A novel way to investigate the petrogenesis of ancient polymetamorphosed terranes is to study zircon‐hosted mineral inclusions, which are sensitive to melt evolution such as apatite. Recent contributions on such inclusions in unmetamorphosed granitoids can provide valuable petrogenetic information and, in turn, represent a way to circumvent effects of metamorphism. Yet the impact of metamorphism on apatite inclusion has never been studied in detail. To address the issue of chemical and isotopic preservation of primary signals in apatite crystals both in the matrix and armored within zircons, we have studied apatite crystals from four 3.6–4.0 Ga TTG granitoids from the Acasta Gneiss Complex (Canada).
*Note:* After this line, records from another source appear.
lemma Delta_mass_le_alpha_Tip:
  assumes \<mu>: "borel_prob_01 \<mu>" and \<nu>: "borel_prob_01 \<nu>" "dyadically_doubling \<nu> D"
    and "is_dyadic I" "(1 - 1/D) ^ k \<le> 1/4"
  shows "Delta_mass \<mu> \<nu> I \<le> 2 ^ (k + 2) * (alpha \<mu> \<nu> I * measure \<mu> (dyad I))
           + 4 * measure \<mu> (dyad (dleft I))"
proof (cases "measure \<mu> (dyad I) = 0")
  case True
  then show ?thesis using alpha_nonneg[OF \<mu> \<nu>(1)] by (simp add: Delta_mass_def)
next
  case False
  then have "measure \<mu> (dyad I) > 0" by (simp add: order_neq_le_trans)
  then show ?thesis
    using Delta_mass_le_alpha_mass[OF assms] measure_nonneg[of \<mu> "dyad (dleft I)"] by linarith
qed

lemma Tail_Reg_contains: "{I, dleft I} \<subseteq> Tail (Reg N1 N2) I"
  unfolding Tail_def by (auto intro!: exI[of _ 0] simp: zero_enat_def[symmetric])

lemma infsum_pair_le:
  fixes f :: "'a \<Rightarrow> ennreal"
  assumes "a \<noteq> b" "{a, b} \<subseteq> A"
  shows "f a + f b \<le> (\<Sum>\<^sub>\<infinity>x\<in>A. f x)"
proof -
  have "(\<Sum>\<^sub>\<infinity>x\<in>{a, b}. f x) \<le> (\<Sum>\<^sub>\<infinity>x\<in>A. f x)"
    by (rule infsum_mono_neutral) (use assms(2) in \<open>auto intro: nonneg_summable_on_complete\<close>)
  then show ?thesis using assms(1) by simp
qed

lemma Delta_mass_le_Tail:
  assumes \<mu>: "borel_prob_01 \<mu>" and \<nu>: "borel_prob_01 \<nu>" "dyadically_doubling \<nu> D"
    and "is_dyadic I" "(1 - 1/D) ^ k \<le> 1/4"
  shows "ennreal (Delta_mass \<mu> \<nu> I)
           \<le> ennreal (2 ^ (k + 2)) * (\<Sum>\<^sub>\<infinity>J\<in>Tail p I. ennreal (alpha \<mu> \<nu> J * measure \<mu> (dyad J)))
             + 4 * ennreal (measure \<mu> (Tip p I))"
proof -
  define C :: real where "C = 2 ^ (k + 2)"
  define a where "a J = alpha \<mu> \<nu> J * measure \<mu> (dyad J)" for J
  have C: "C \<ge> 0" by (simp add: C_def)
  have a: "a J \<ge> 0" for J using alpha_nonneg[OF \<mu> \<nu>(1)] by (simp add: a_def)
  have "ennreal (Delta_mass \<mu> \<nu> I) \<le> ennreal C * (\<Sum>\<^sub>\<infinity>J\<in>Tail p I. ennreal (a J))
          + 4 * ennreal (measure \<mu> (Tip p I))"
  proof (cases p)
    case (Reg N1 N2)
    have "ennreal (Delta_mass \<mu> \<nu> I) \<le> ennreal (C * (a I + a (dleft I)))"
      using Delta_mass_le_alpha_pair[OF assms] by (simp add: C_def a_def ennreal_leI)
    also have "\<dots> = ennreal C * (ennreal (a I) + ennreal (a (dleft I)))"
      using a C by (simp add: ennreal_mult ennreal_plus)
    also have "\<dots> \<le> ennreal C * (\<Sum>\<^sub>\<infinity>J\<in>Tail p I. ennreal (a J))"
      using infsum_pair_le[OF dleft_neq[symmetric] Tail_Reg_contains[of I N1 N2, folded Reg]]
      by (rule mult_left_mono) simp
    finally show ?thesis by (rule order.trans) (simp add: add_increasing2)
  next
    case Special
    have "ennreal (Delta_mass \<mu> \<nu> I) \<le> ennreal (C * a I + 4 * measure \<mu> (dyad (dleft I)))"
      using Delta_mass_le_alpha_Tip[OF assms] by (simp add: C_def a_def ennreal_leI)
    also have "\<dots> = ennreal C * ennreal (a I) + 4 * ennreal (measure \<mu> (dyad (dleft I)))"
      using a C by (simp add: ennreal_mult ennreal_plus)
    finally show ?thesis by (simp add: Special Tail_def Tip_def)
  qed
  then show ?thesis by (simp add: C_def a_def)
qed

theorem mainTheorem14:
  fixes \<kappa> D :: real
  assumes "\<kappa> > 0"
  shows "\<exists>C::real. \<forall>\<mu> \<nu>.
    borel_prob_01 \<mu> \<and> borel_prob_01 \<nu> \<and>
    (\<forall>j k :: nat. measure \<mu> {real j / 2 ^ k} = 0) \<and>
    dyadically_doubling \<nu> D \<longrightarrow>
    (\<forall>I p. is_dyadic I \<longrightarrow>
       ennreal (Delta_mass \<mu> \<nu> I)
       \<le> ennreal C * (\<Sum>\<^sub>\<infinity>J\<in>Tail p I. ennreal (alpha \<mu> \<nu> J * measure \<mu> (dyad J)))
         + ennreal \<kappa> * (\<Sum>\<^sub>\<infinity>J\<in>Tail p I. ennreal (Delta_mass \<mu> \<nu> J))
         + 4 * ennreal (measure \<mu> (Tip p I)))"
proof -
  have "1 - 1 / max D 1 < 1" by simp
  from real_arch_pow_inv[of "1/4", OF _ this]
  obtain k where k: "(1 - 1 / max D 1) ^ k < 1/4" by auto
  show ?thesis
  proof (intro exI[of _ "2 ^ (k + 2)"] allI impI)
    fix \<mu> \<nu> I p
    assume "borel_prob_01 \<mu> \<and> borel_prob_01 \<nu> \<and> (\<forall>j k :: nat. measure \<mu> {real j / 2 ^ k} = 0)
      \<and> dyadically_doubling \<nu> D" and I: "is_dyadic I"
    then have \<mu>: "borel_prob_01 \<mu>" and \<nu>: "borel_prob_01 \<nu>" "dyadically_doubling \<nu> D" by auto
    have "(1 - 1/D) ^ k \<le> 1/4"
      using k doubling_constant_ge_1[OF \<nu>] by (simp add: max_def)
    from Delta_mass_le_Tail[OF \<mu> \<nu> I this, of p]
    show "ennreal (Delta_mass \<mu> \<nu> I)
       \<le> ennreal (2 ^ (k + 2)) * (\<Sum>\<^sub>\<infinity>J\<in>Tail p I. ennreal (alpha \<mu> \<nu> J * measure \<mu> (dyad J)))
         + ennreal \<kappa> * (\<Sum>\<^sub>\<infinity>J\<in>Tail p I. ennreal (Delta_mass \<mu> \<nu> J))
         + 4 * ennreal (measure \<mu> (Tip p I))"
      by (rule order.trans) (intro add_right_mono add_increasing2; simp)
  qed
qed

end
(* Let $H=(X\cup Y,E_H)$ be a $3$-regular bipartite graph with $|X|=|Y|=n$, let $\mathrm{order}:Y\to\{1,\dots,n\}$ be a bijection, and let $G$ be the instance of the rank-maximal matchings problem constructed as follows. Applicants: $a_x$ for $x\in X$, and dummy applicants $ad_1,\dots,ad_{n-3}$. Posts: $p_y$ for $y\in Y$, and dummy posts $pd_1,\dots,pd_{n-3}$. Applicant $ad_i$ has the single post $pd_i$ at rank $1$. For $x\in X$ with neighbours $y_1,y_2,y_3$ in $H$, applicant $a_x$ ranks $p_{y_j}$ at rank $\mathrm{order}(y_j)$ ($j=1,2,3$), and the remaining $n-3$ ranks in $\{1,\dots,n\}$ of $a_x$'s list are filled by the $n-3$ dummy posts, one per rank. Then there is a one-to-one correspondence between perfect matchings of $H$ and rank-maximal matchings of $G$: the map $M\mapsto\{(a_x,p_y):(x,y)\in M\}\cup\{(ad_i,pd_i):1\le i\le n-3\}$ is a bijection from the set of perfect matchings of $H$ onto the set of rank-maximal matchings of $G$.
   Context: An instance of the rank-maximal matchings problem is a bipartite graph between applicants and posts in which each edge $(a,p)$ carries a rank $i$, meaning $p$ is an $i$-th choice of $a$. The signature of a matching is $(x_1,\dots,x_r)$, $x_i$ the number of applicants matched along rank-$i$ edges ($r$ the maximum rank); a matching is rank-maximal if its signature is lexicographically maximum among all matchings of the instance. *)

theory Defs
  imports Main
begin

definition is_matching :: "('a \<times> 'p) set \<Rightarrow> ('a \<times> 'p) set \<Rightarrow> bool" where
  "is_matching E M \<longleftrightarrow> M \<subseteq> E \<and>
     (\<forall>a p p'. (a,p) \<in> M \<and> (a,p') \<in> M \<longrightarrow> p = p') \<and>
     (\<forall>a a' p. (a,p) \<in> M \<and> (a',p) \<in> M \<longrightarrow> a = a')"

definition signature :: "('a \<times> 'p \<Rightarrow> nat) \<Rightarrow> ('a \<times> 'p) set \<Rightarrow> nat \<Rightarrow> nat" where
  "signature rk M i = card {e \<in> M. rk e = i}"

text \<open>Lexicographic comparison of signatures (ranks start at 1).\<close>
definition lex_greater :: "(nat \<Rightarrow> nat) \<Rightarrow> (nat \<Rightarrow> nat) \<Rightarrow> bool" where
  "lex_greater s t \<longleftrightarrow> (\<exists>i\<ge>1. (\<forall>j. 1 \<le> j \<and> j < i \<longrightarrow> s j = t j) \<and> s i > t i)"

definition rank_maximal :: "('a \<times> 'p) set \<Rightarrow> ('a \<times> 'p \<Rightarrow> nat) \<Rightarrow> ('a \<times> 'p) set \<Rightarrow> bool" where
  "rank_maximal E rk M \<longleftrightarrow> is_matching E M \<and>
     \<not> (\<exists>M'. is_matching E M' \<and> lex_greater (signature rk M') (signature rk M))"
Our results demonstrate that U‐Th‐Pb isotope systematics in matrix apatite crystals were reset at 1.8–1.7 Ga (Wopmay orogen) whereas primary REE signatures were preserved in many crystals. In contrast, zircon‐hosted apatite inclusions all preserved primary REE signatures despite variable ages between 1.7 and 4.0 Ga. We interpret reset ages to be a consequence of metamorphism that managed to affect U‐Th‐Pb systematics because of advanced radiation damage accumulation in host‐zircon lattices. Only the most pristine zircon crystal has an apatite inclusion with a concordant age consistent with the magmatic age of the zircon (4.0 Ga). In addition, our results show that apatite crystals from TTG have distinct REE composition from post‐Archean granitoids apatites, that is preserved even in some apatites with reset ages. This capacity to retain primary information and discriminate granitoid types makes apatite a very valuable tool for reconstructing the nature and evolution of ancient crustal rocks through the use of detrital minerals.

中文翻译：

---

通过比较Eoarchean Acasta片麻岩复合体（加拿大）中的基质和锆石晶体，了解磷灰石中主要特征的保留

研究古代多变质地层岩石成因的一种新方法是研究锆石包裹的矿物包裹体，这些包裹体对磷灰石等熔体的演化敏感。对未变质的类固醇中此类夹杂物的最新贡献可提供有价值的岩石成因信息，进而代表一种规避变质作用的方法。然而，从未详细研究变质对磷灰石夹杂物的影响。为了解决基体和铠装锆石中磷灰石晶体中主要信号的化学和同位素保存问题，我们研究了来自Acasta Gneiss Complex（加拿大）的四个3.6–4.0 Ga TTG花岗岩中的磷灰石晶体。我们的结果表明，基体磷灰石晶体中的U-Th-Pb同位素系统重置为1.8-1。7 Ga（Wopmay造山带），而主要的REE标记保留在许多晶体中。相比之下，尽管年龄介于1.7和4.0 Ga之间，但锆石包裹的磷灰石包裹体均保留了主要的REE特征。我们将重置年龄解释为由于宿主体内先进的辐射损伤积累而成功影响了U-Th-Pb系统学的变质作用的结果。锆石晶格。只有最原始的锆石晶体才具有磷灰石包裹体，其年龄与锆石的岩浆年龄（4.0 Ga）一致。此外，我们的结果表明，TTG的磷灰石晶体具有与Archean花岗岩后的磷灰石不同的REE组成，即使在某些具有重置年龄的磷灰石中也可以保留。